In the days when Arsene Wenger had a full working life, they’d only expect to see him in the late evening at Cocorico Italiano restaurant on the London High Road.

It was the place where he would sometimes repair to reflect, over risotto primavera or linguine con tonno, on another Arsenal match chalked up. Only a victory. He’d never be there if they’d lost.

The new world Wenger occupies leaves him free to drop in there at lunchtime these days. ‘He was here with friends yesterday. We were glad to receive him,’ says a staff member.

It’s low-key and discreet, as Wenger likes things. No images of him with the proprietor on the walls.

There are many reasons why he has continued to live in a detached house in nearby Totteridge. His daughter Lea, who graduated in veterinary sciences from Cambridge last year, is studying for her postgraduate in London.

And though he is divorced from long-time partner Annie Brosterhous, they remain close. They sometimes see Ms Brosterhous at the Lisa Kay Shoes boutique, a few doors down from Cocorico. Wenger still frequents Waitrose, across the road.

Some of the locals suggest that the old summer Wenger routine of cycling the lanes of south Hertfordshire is intact. There’s even been scope for him to turn back to the music collection, for which there never seemed time. The Beatles are his favourites.

‘It was my childhood,’ he said recently. And the songs of Bob Marley, too. ‘It’s the sound of freedom, not fabricated music.’

Leisure options are limited, though.

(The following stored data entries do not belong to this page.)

definition new_entries :: "nat \<Rightarrow> 'v entry list \<Rightarrow> 'v entry list" where
  "new_entries k P = map (\<lambda>(v, p). Entry v k p) (sift smult fst (vec ` set P) (candidates k P))"

primrec stage :: "nat \<Rightarrow> 'v entry list" where
  "stage 0 = [Entry one 0 (0, 0)]"
| "stage (Suc k) = stage k @ new_entries (Suc k) (stage k)"

lemma set_new_entriesE:
  assumes "e \<in> set (new_entries k P)"
  obtains v p where "(v, p) \<in> set (candidates k P)" and "e = Entry v k p"
  using assms set_sift_subset unfolding new_entries_def by fastforce

lemma level_new_entries: "e \<in> set (new_entries k P) \<Longrightarrow> level e = k"
  by (auto elim: set_new_entriesE)

lemma candidate_product:
  assumes "k \<noteq> 1" and "(v, p) \<in> set (candidates k P)"
  shows "p \<in> level_pairs k P \<and> v = mul (vec (P ! fst p)) (vec (P ! snd p))"
  using assms by (auto simp: candidates_def finite_level_pairs)

lemma candidate_word:
  assumes "\<And>e. e \<in> set P \<Longrightarrow> is_word (vec e) (level e)" and "(v, p) \<in> set (candidates k P)"
  shows "is_word v k"
proof (cases "k = 1")
  case True
  with assms(2) have "v \<in> set gens" by (auto simp: candidates_def)
  then show ?thesis unfolding True by (rule word_gen)
next
  case False
  then have "p \<in> level_pairs k P" and v: "v = mul (vec (P ! fst p)) (vec (P ! snd p))"
    using candidate_product assms(2) by auto
  then have "fst p < length P" "snd p < length P" "level (P ! fst p) + level (P ! snd p) = k"
    by (auto simp: level_pairs_def)
  then show ?thesis unfolding v using word_mul[OF assms(1) assms(1)] by (metis nth_mem)
qed

lemma sorted_tags_new_entries:
  assumes "k \<noteq> 1"
  shows "sorted_wrt (<) (map tags (new_entries k P))"
proof -
  have "sorted_wrt (\<lambda>x y. snd x < snd y) (candidates k P)"
    using assms by (simp add: candidates_def sorted_wrt_map case_prod_beta)
  then have "sorted_wrt (\<lambda>x y. snd x < snd y) (sift smult fst (vec ` set P) (candidates k P))"
    by (rule sorted_wrt_sift)
  then show ?thesis by (simp add: new_entries_def sorted_wrt_map case_prod_beta)
qed

lemma stage_prefix: "j \<le> k \<Longrightarrow> \<exists>zs. stage k = stage j @ zs"
  by (induction k rule: dec_induct) auto

lemma length_stage_mono: "j \<le> k \<Longrightarrow> length (stage j) \<le> length (stage k)"
  using stage_prefix by fastforce

lemma nth_stage: "j \<le> k \<Longrightarrow> i < length (stage j) \<Longrightarrow> stage k ! i = stage j ! i"
  using stage_prefix by (fastforce simp: nth_append)

lemma nth_stage_Suc_new:
  assumes "length (stage k) \<le> i" and "i < length (stage (Suc k))"
  shows "stage (Suc k) ! i \<in> set (new_entries (Suc k) (stage k))"
  using assms by (simp add: nth_append)

lemma level_stage_Suc_new:
  "length (stage k) \<le> i \<Longrightarrow> i < length (stage (Suc k)) \<Longrightarrow> level (stage (Suc k) ! i) = Suc k"
  by (rule level_new_entries[OF nth_stage_Suc_new])

lemma level_stage_le_iff:
  "i < length (stage k) \<Longrightarrow> level (stage k ! i) \<le> j \<longleftrightarrow> i < length (stage j)"
proof (induction k arbitrary: i)
  case 0
  then show ?case using length_stage_mono[of 0 j] by fastforce
next
  case (Suc k)
  show ?case
  proof (cases "i < length (stage k)")
    case True
    then show ?thesis using Suc.IH by (simp add: nth_append)
  next
    case False
    have "level (stage (Suc k) ! i) = Suc k"
      by (rule level_stage_Suc_new) (use False Suc.prems in simp_all)
    moreover have "i < length (stage j)" if "Suc k \<le> j"
      using Suc.prems length_stage_mono[OF that] by simp
    moreover have "length (stage j) \<le> i" if "j \<le> k"
      using False length_stage_mono[OF that] by simp
    ultimately show ?thesis by (cases "Suc k \<le> j") auto
  qed
qed

lemma level_stage_mono:
  "i \<le> i' \<Longrightarrow> i' < length (stage k) \<Longrightarrow> level (stage k ! i) \<le> level (stage k ! i')"
  using level_stage_le_iff by (metis le_refl order.strict_trans1)

lemma set_stage_eq: "j \<le> k \<Longrightarrow> set (stage j) = {e \<in> set (stage k). level e \<le> j}"
proof safe
  fix e assume "j \<le> k" "e \<in> set (stage j)"
  then obtain i where i: "i < length (stage j)" "e = stage j ! i" by (auto simp: in_set_conv_nth)
  then show "level e \<le> j" using level_stage_le_iff by simp
  have "e = stage k ! i" "i < length (stage k)"
    using i \<open>j \<le> k\<close> nth_stage length_stage_mono by fastforce+
  then show "e \<in> set (stage k)" by simp
next
  fix e assume "j \<le> k" "e \<in> set (stage k)" "level e \<le> j"
  then obtain i where i: "i < length (stage k)" "e = stage k ! i" by (auto simp: in_set_conv_nth)
  with \<open>level e \<le> j\<close> have "i < length (stage j)" using level_stage_le_iff by blast
  with i show "e \<in> set (stage j)" using nth_stage[OF \<open>j \<le> k\<close>] by simp
qed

Some retired managers play golf and George Graham, Wenger’s predecessor and near neighbour, lives in a house which backs on to a course. 

The prospect of a round between the two was put to Wenger and quickly dismissed. He doesn’t play.

As Wenger turns 70 next week, it is hard to avoid the sense that he has mixed feelings about the new liberties which life beyond Arsenal have brought.

Even Sir Alex Ferguson, who could look to horseracing, piano playing and American history when he walked away from Old Trafford at 71, six years ago, found it a struggle. 

The noise of the fans from his seat in the directors’ box seemed odd to him. Wenger has not set foot in the Emirates these past 17 months.

There was a touching video message for Wenger from Sir Alex at a Legends of Football dinner in London last week. ‘We had some great times, so good luck,’ the Scot told his old adversary. ‘My blessing with you.’

When Ferguson turned 70, the game had clearly aged him. Wenger’s time away has left him looking fitter, healthier and not a pound heavier.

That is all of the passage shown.